Nombre de génocideurs du milieu du siècle dernier ont été jugés et condamnés. Répondant de leurs crimes contre l'humanité. D’autres (Srebrenica, le Rwanda ...) à la fin du XXᵉ siècle ont aussi été traînés devant la justice. Certains, comme les génocideurs - entre autres affameurs -des amérindiens, ne sont jamais passés devant un tribunal international. Espérons que les « architectes et arpètes » des génocides en cours soient aussi jugés. Comme leurs clones sanguinaires du passé. Pour rendre la justice, les images et les témoignages ont de l’importance. Le frêle enfant aux bras levés, les yeux terrorisés, aura eu un grand poids sur l’histoire. Mais aussi sur nombre de regards de tout âge. Pour ma part, cette photo a contribué à mon éducation. Comprendre l’horreur vécue par les Juifs au mitan du siècle dernier. Une des pires nuits sur l'Europe et le monde entier.
Cette photo (son regard-témoin de l'horreur est toujours présent en mémoire) et d’autres ont construit ce que je sus devenu. À dix piges, la lutte contre le racisme et l’ antisémitisme était déjà intériorisée. Au fil des années, je me suis beaucoup documenté sur ces sujets. Natif d'une ville communiste avec un maire et un député anciens résistants, on ne rigolait pas avec le génocide nazi dans la commune. Et dans la Bibliothèque Robert Desnos, une grosse documentation sur cette période noire de l'histoire de France. J'y ai passé des heures de lecture. Plus l'écoute des conversation des anciens au bistrot du quartier. Avec de plus en plus d’outils en mains pour pouvoir argumenter et tenter de comprendre les racines de la haine de l’autre.
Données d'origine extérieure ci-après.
lemma torus_cone_estimate:
  assumes tri: "is_triangulation \<Delta> Z" and cvx: "convex \<Delta>" and A: "finite (lattice_pts \<Delta>)"
    and margin: "\<And>T. T \<in> Z \<Longrightarrow> supported_with_margin w (lattice_pts \<Delta>) T e" "e \<ge> 0"
    and \<delta>: "0 < \<delta>" "\<delta> < 1" and \<epsilon>: "\<epsilon> > 0"
    and z: "z \<in> torus_cone \<Delta>"
    and S: "S \<in> Z" and m: "m \<in> lattice_pts \<Delta> - S" "insert m S \<notin> Z"
  defines "D \<equiv> \<Sum>n\<in>lattice_pts \<Delta>. weighted_norm_sq w \<delta> z n"
  assumes large: "\<And>s. s \<in> S \<Longrightarrow> \<epsilon> * D \<le> weighted_norm_sq w \<delta> z s"
  shows "weighted_norm_sq w \<delta> z m \<le> (1 / \<epsilon>) ^ card S * \<delta> powr (2 * e) * D"
proof -
  have D_pos: "D > 0"
    using weighted_norm_sq_torus_cone_pos[OF z \<delta>(1), of m w]
      weighted_norm_sq_le_sum[OF A, of m w \<delta> z] m(1)
    unfolding D_def by simp
  define X where "X = insert m S"
  have SA: "S \<subseteq> lattice_pts \<Delta>"
    using triangulation_subset_Pow[OF tri] S by blast
  then have X: "X \<subseteq> lattice_pts \<Delta>" "finite X" "m \<in> X" and card_X: "card X - 1 = card S"
    using m A by (auto simp: X_def finite_subset)
  obtain T where T: "T \<in> Z" "barycenter X emb \<in> convex hull (emb ` T)"
    using triangulation_covers_barycenter[OF tri cvx X(1,2)] X(3) by blast
  have "\<not> X \<subseteq> T"
    using triangulation_face[OF tri T(1)] m(2) by (auto simp: X_def)
  then obtain x0 where x0: "x0 \<in> X - T"
    by blast
  obtain c a1 a2 where
      on_T: "\<forall>n\<in>T. real_of_int (w n) = c + a1 * real_of_int (fst n) + a2 * real_of_int (snd n)"
    and off_T: "\<forall>n\<in>lattice_pts \<Delta> - T.
         real_of_int (w n) \<ge> c + a1 * real_of_int (fst n) + a2 * real_of_int (snd n) + e"
    using margin(1)[OF T(1)] unfolding supported_with_margin_def by blast
  have "T \<subseteq> lattice_pts \<Delta>"
    using triangulation_subset_Pow[OF tri] T(1) by blast
  then have "ln (weighted_norm_sq w \<delta> z m) \<le> ln D - real (card X - 1) * ln \<epsilon> + 2 * e * ln \<delta>"
    unfolding D_def
    by (rule torus_cone_log_estimate[OF A \<delta> \<epsilon> z X _ T(2) on_T off_T margin(2) x0])
      (use large in \<open>auto simp: X_def D_def\<close>)
  then have "weighted_norm_sq w \<delta> z m \<le> exp (ln D - real (card S) * ln \<epsilon> + 2 * e * ln \<delta>)"
    using weighted_norm_sq_torus_cone_pos[OF z \<delta>(1)] m(1) card_X
    by (metis DiffD1 exp_le_cancel_iff exp_ln)
  also have "\<dots> = (1 / \<epsilon>) ^ card S * \<delta> powr (2 * e) * D"
    using D_pos \<epsilon> \<delta>(1)
    by (simp add: exp_add exp_diff exp_of_nat_mult exp_of_nat2_mult powr_def power_one_over
        field_simps)
  finally show ?thesis .
qed

lemma closure_preserves_le_under_strict_hyps:
  fixes f :: "'i \<Rightarrow> 'a::topological_space \<Rightarrow> real" and g :: "'a \<Rightarrow> real"
  assumes "finite I" "\<And>i. continuous_on UNIV (f i)" "continuous_on UNIV g"
    and le: "\<And>x. x \<in> X \<Longrightarrow> \<forall>i\<in>I. 0 < f i x \<Longrightarrow> g x \<le> 0"
    and z: "z \<in> closure X" "\<forall>i\<in>I. 0 < f i z"
  shows "g z \<le> 0"
proof (rule ccontr)
  assume "\<not> g z \<le> 0"
  define U where "U = (\<Inter>i\<in>I. {x. 0 < f i x}) \<inter> {x. 0 < g x}"
  have "open U"
    unfolding U_def using assms(1-3)
    by (intro open_Int open_INT ballI open_Collect_less continuous_on_const) auto
  moreover have "z \<in> U"
    using z(2) \<open>\<not> g z \<le> 0\<close> by (simp add: U_def)
  ultimately obtain x where "x \<in> X" "x \<in> U"
    using z(1) open_Int_closure_eq_empty by blast
  then show False
    using le by (force simp: U_def)
qed

lemma PSigma_estimate:
  assumes tri: "is_triangulation \<Delta> Z" and cvx: "convex \<Delta>" and A: "finite (lattice_pts \<Delta>)"
    and margin: "\<And>T. T \<in> Z \<Longrightarrow> supported_with_margin w (lattice_pts \<Delta>) T e" "e \<ge> 0"
    and \<delta>: "0 < \<delta>" "\<delta> < 1" and \<epsilon>: "\<epsilon> > 0"
    and S: "S \<in> Z" and m: "m \<in> lattice_pts \<Delta> - S" "insert m S \<notin> Z"
    and z: "z \<in> PSigma \<Delta>" and large: "\<forall>s\<in>S. rho w \<Delta> \<delta> z s > \<epsilon>"
  shows "rho w \<Delta> \<delta> z m \<le> (1 / \<epsilon>) ^ card S * \<delta> powr (2 * e)"
proof -
  define B where "B = (1 / \<epsilon>) ^ card S * \<delta> powr (2 * e)"
  define D where "D z = (\<Sum>n\<in>lattice_pts \<Delta>. weighted_norm_sq w \<delta> z n)" for z
  have "finite S"
    using triangulation_subset_Pow[OF tri] S A by (auto intro: finite_subset)
  have continuous_on_D: "continuous_on UNIV D"
    unfolding D_def by (intro continuous_on_sum continuous_on_weighted_norm_sq)
  obtain s where "s \<in> S"
    using triangulation_simplex_nonempty[OF tri S] by blast
  then have "D z \<noteq> 0"
    using large \<epsilon> by (auto simp: rho_eq_weighted_norm_sq D_def)
  then have D_pos: "D z > 0"
    unfolding D_def by (intro order_le_neq_trans sum_nonneg) (auto simp: weighted_norm_sq_nonneg)
  have "weighted_norm_sq w \<delta> z m - B * D z \<le> 0"
  proof (rule closure_preserves_le_under_strict_hyps[OF \<open>finite S\<close>,
        where f = "\<lambda>s z. weighted_norm_sq w \<delta> z s - \<epsilon> * D z"])
    show "weighted_norm_sq w \<delta> x m - B * D x \<le> 0"
      if x: "x \<in> torus_cone \<Delta>" and pos: "\<forall>s\<in>S. 0 < weighted_norm_sq w \<delta> x s - \<epsilon> * D x" for x
    proof -
      have "weighted_norm_sq w \<delta> x m \<le> B * D x"
        unfolding B_def D_def
        by (rule torus_cone_estimate[OF tri cvx A margin \<delta> \<epsilon> x S m]) (use pos in \<open>auto simp: D_def\<close>)
      then show ?thesis
        by simp
    qed
    show "z \<in> closure (torus_cone \<Delta>)"
      using z by (simp add: PSigma_def)
    show "\<forall>s\<in>S. 0 < weighted_norm_sq w \<delta> z s - \<epsilon> * D z"
      using large D_pos by (simp add: rho_eq_weighted_norm_sq D_def pos_less_divide_eq)
  qed (intro continuous_intros continuous_on_D continuous_on_weighted_norm_sq)+
  then show ?thesis
    using D_pos by (simp add: rho_eq_weighted_norm_sq B_def D_def pos_divide_le_eq)
qed

theorem mainTheorem5:
  fixes \<Delta> :: "(real \<times> real) set" and w :: "int \<times> int \<Rightarrow> int"
    and Z :: "(int \<times> int) set set" and \<epsilon> :: real
  assumes "is_lattice_polygon \<Delta>"
    and "induces w \<Delta> Z"
    and "\<epsilon> > 0"
  shows "\<exists>C a \<delta>0. C > 0 \<and> a > 0 \<and> \<delta>0 > 0 \<and>
    (\<forall>\<delta>. 0 < \<delta> \<and> \<delta> < 1 \<and> \<delta> < \<delta>0 \<longrightarrow>
      (\<forall>S\<in>Z. \<forall>z\<in>PSigma \<Delta>.
         (\<forall>m\<in>S. rho w \<Delta> \<delta> z m > \<epsilon>) \<longrightarrow>
         (\<forall>m\<in>lattice_pts \<Delta> - S. insert m S \<notin> Z \<longrightarrow> rho w \<Delta> \<delta> z m \<le> C * \<delta> powr a)))"
proof -
  have cvx: "convex \<Delta>" and A: "finite (lattice_pts \<Delta>)"
    using lattice_polygon_bounded_convex[OF assms(1)] finite_lattice_pts by auto
  note tri = induces_triangulation[OF assms(2)]
  obtain e where e: "e > 0" "\<And>T. T \<in> Z \<Longrightarrow> supported_with_margin w (lattice_pts \<Delta>) T e"
    using induces_supported_with_margin[OF assms(2) A] by blast
  define C where "C = max 1 (1 / \<epsilon>) ^ card (lattice_pts \<Delta>)"
  have "rho w \<Delta> \<delta> z m \<le> C * \<delta> powr (2 * e)"
    if \<delta>: "0 < \<delta>" "\<delta> < 1" and S: "S \<in> Z" and z: "z \<in> PSigma \<Delta>"
      and large: "\<forall>m\<in>S. \<epsilon> < rho w \<Delta> \<delta> z m" and m: "m \<in> lattice_pts \<Delta> - S" "insert m S \<notin> Z"
    for \<delta> S z m
  proof -
    have "card S \<le> card (lattice_pts \<Delta>)"
      using triangulation_subset_Pow[OF tri] S A by (auto intro: card_mono)
    then have "(1 / \<epsilon>) ^ card S \<le> C"
      unfolding C_def using assms(3)
      by (meson max.cobounded1 max.cobounded2 order_trans power_increasing power_mono
          zero_le_divide_1_iff less_imp_le)
    moreover have "rho w \<Delta> \<delta> z m \<le> (1 / \<epsilon>) ^ card S * \<delta> powr (2 * e)"
      using PSigma_estimate[OF tri cvx A e(2) _ \<delta> assms(3) S m z large] e(1) by simp
    ultimately show ?thesis
      by (smt (verit) mult_right_mono powr_ge_zero)
  qed
  moreover have "C > 0"
    by (simp add: C_def)
  ultimately show ?thesis
    using e(1) by (intro exI[of _ C] exI[of _ "2 * e"] exI[of _ 1]) auto
qed

end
Les combats contre le sexisme et l’homophobie ont été intériorisés plus tard. Comme d’autres luttes. Avec une constatation récurrente. Laquelle ? La persistance de notre connerie humaine
Merci à cet instit de nous avoir montré la photo de l’enfant du ghetto de Varsovie. Elle nous a secoué. Cet enfant pouvait être l’un d’entre nous. En plus de nous secouer, la photo nous a aussi permis de prendre conscience de la réalité d'un génocide. Nous qui étions nés une vingtaine d'années après la barbarie nazie. Méfiez-vous toujours du fascisme, il peut revenir à tout moment bouffer la démocratie. Nous avons beaucoup entendu cette phrase. À l’époque, on le trouvait obsessionnel. Certains gosses avec même des petits sourires en coin. Aujourd’hui, tous les voyants au « brun » lui donnent raison. Un fascisme avec de nouveaux visages. Parfois là où l’on ne l’attend pas du tout. Toutefois, un élément ne change pas. La même haine de l'humanité sous les nouveaux masques du fascisme.
Après l’école, le travail de mémoire a continué. Une réflexion alimentée par des textes. Pour ma part, mon éducation historique s’est faite beaucoup à travers des romans. La fiction restant un bon support pour s’immerger dans la folie humaine. Mais éduqué aussi par des photos ayant fait le tour de la planète. Dont celle d’une petite fille courant nue pour échapper au Napalm. Du ghetto de Varsovie au Vietnam, toujours les civils en première ligne. Et souvent les plus fragiles. Comme en ce moment sur nos écrans. Les coupables seront-ils jugés ? La balle dans le camp de la justice internationale. En attendant, le massacre continue. Visible sur tous les écrans du monde.
Milliards de vues sur l’enfer de Gaza.